▸ What the exercise asks: Every line containing the word "auto" must be pulled from the records.

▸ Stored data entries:
== Segment start ==
lemma is_svdD:
  assumes "is_svd X U S V" and "X \<in> carrier_mat m n"
  shows "U \<in> carrier_mat m m" "S \<in> carrier_mat m n" "V \<in> carrier_mat n n"
    "transpose_mat U * U = 1\<^sub>m m" "transpose_mat V * V = 1\<^sub>m n" "diagonal_mat S"
    "\<And>i. i < min m n \<Longrightarrow> 0 \<le> S $$ (i,i)"
    "\<And>i j. i \<le> j \<Longrightarrow> j < min m n \<Longrightarrow> S $$ (j,j) \<le> S $$ (i,i)"
    "X = U * S * transpose_mat V"
  using assms unfolding is_svd_def Let_def diagonal_mat_def by auto

section \<open>The nuclear norm\<close>

lemma orthogonal_mat_vec_sprod_self:
  fixes W :: "real mat" and x :: "real vec"
  assumes W: "W \<in> carrier_mat n n" "transpose_mat W * W = 1\<^sub>m n" and x: "x \<in> carrier_vec n"
  shows "(transpose_mat W *\<^sub>v x) \<bullet> (transpose_mat W *\<^sub>v x) = x \<bullet> x"
proof -
  have "(transpose_mat W *\<^sub>v x) \<bullet> (transpose_mat W *\<^sub>v x) = x \<bullet> (W *\<^sub>v (transpose_mat W *\<^sub>v x))"
    using W x by (intro transpose_vec_mult_scalar) auto
  also have "W *\<^sub>v (transpose_mat W *\<^sub>v x) = (W * transpose_mat W) *\<^sub>v x"
    using W x by (simp add: assoc_mult_mat_vec[of _ n n _ n])
  finally show ?thesis using orthogonal_mat_right_inverse[OF W] x by simp
qed

lemma leading_cols_bessel:
  fixes W :: "real mat" and x :: "real vec"
  assumes W: "W \<in> carrier_mat n n" "transpose_mat W * W = 1\<^sub>m n" and x: "x \<in> carrier_vec n"
    and p: "p \<le> n"
  shows "(transpose_mat (leading_cols W p) *\<^sub>v x) \<bullet> (transpose_mat (leading_cols W p) *\<^sub>v x) \<le> x \<bullet> x"
proof -
  have y: "transpose_mat (leading_cols W p) *\<^sub>v x \<in> carrier_vec p" by (simp add: carrier_vecI)
  have "(transpose_mat (leading_cols W p) *\<^sub>v x) \<bullet> (transpose_mat (leading_cols W p) *\<^sub>v x)
      = (\<Sum>j<p. (col W j \<bullet> x)\<^sup>2)"
    by (subst sprod_self_sum_sq[OF y]) (use W(1) p in \<open>simp add: col_leading_cols\<close>)
  also have "\<dots> \<le> (\<Sum>j<n. (col W j \<bullet> x)\<^sup>2)" by (rule sum_mono2) (use p in auto)
  also have "\<dots> = (transpose_mat W *\<^sub>v x) \<bullet> (transpose_mat W *\<^sub>v x)"
    using W(1) x by (simp add: sprod_self_sum_sq[of _ n])
  also have "\<dots> = x \<bullet> x" by (rule orthogonal_mat_vec_sprod_self[OF W x])
  finally show ?thesis .
qed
== Segment end ==
▸ Solved problem:
  using assms unfolding is_svd_def Let_def diagonal_mat_def by auto
    using W x by (intro transpose_vec_mult_scalar) auto
  also have "\<dots> \<le> (\<Sum>j<n. (col W j \<bullet> x)\<^sup>2)" by (rule sum_mono2) (use p in auto)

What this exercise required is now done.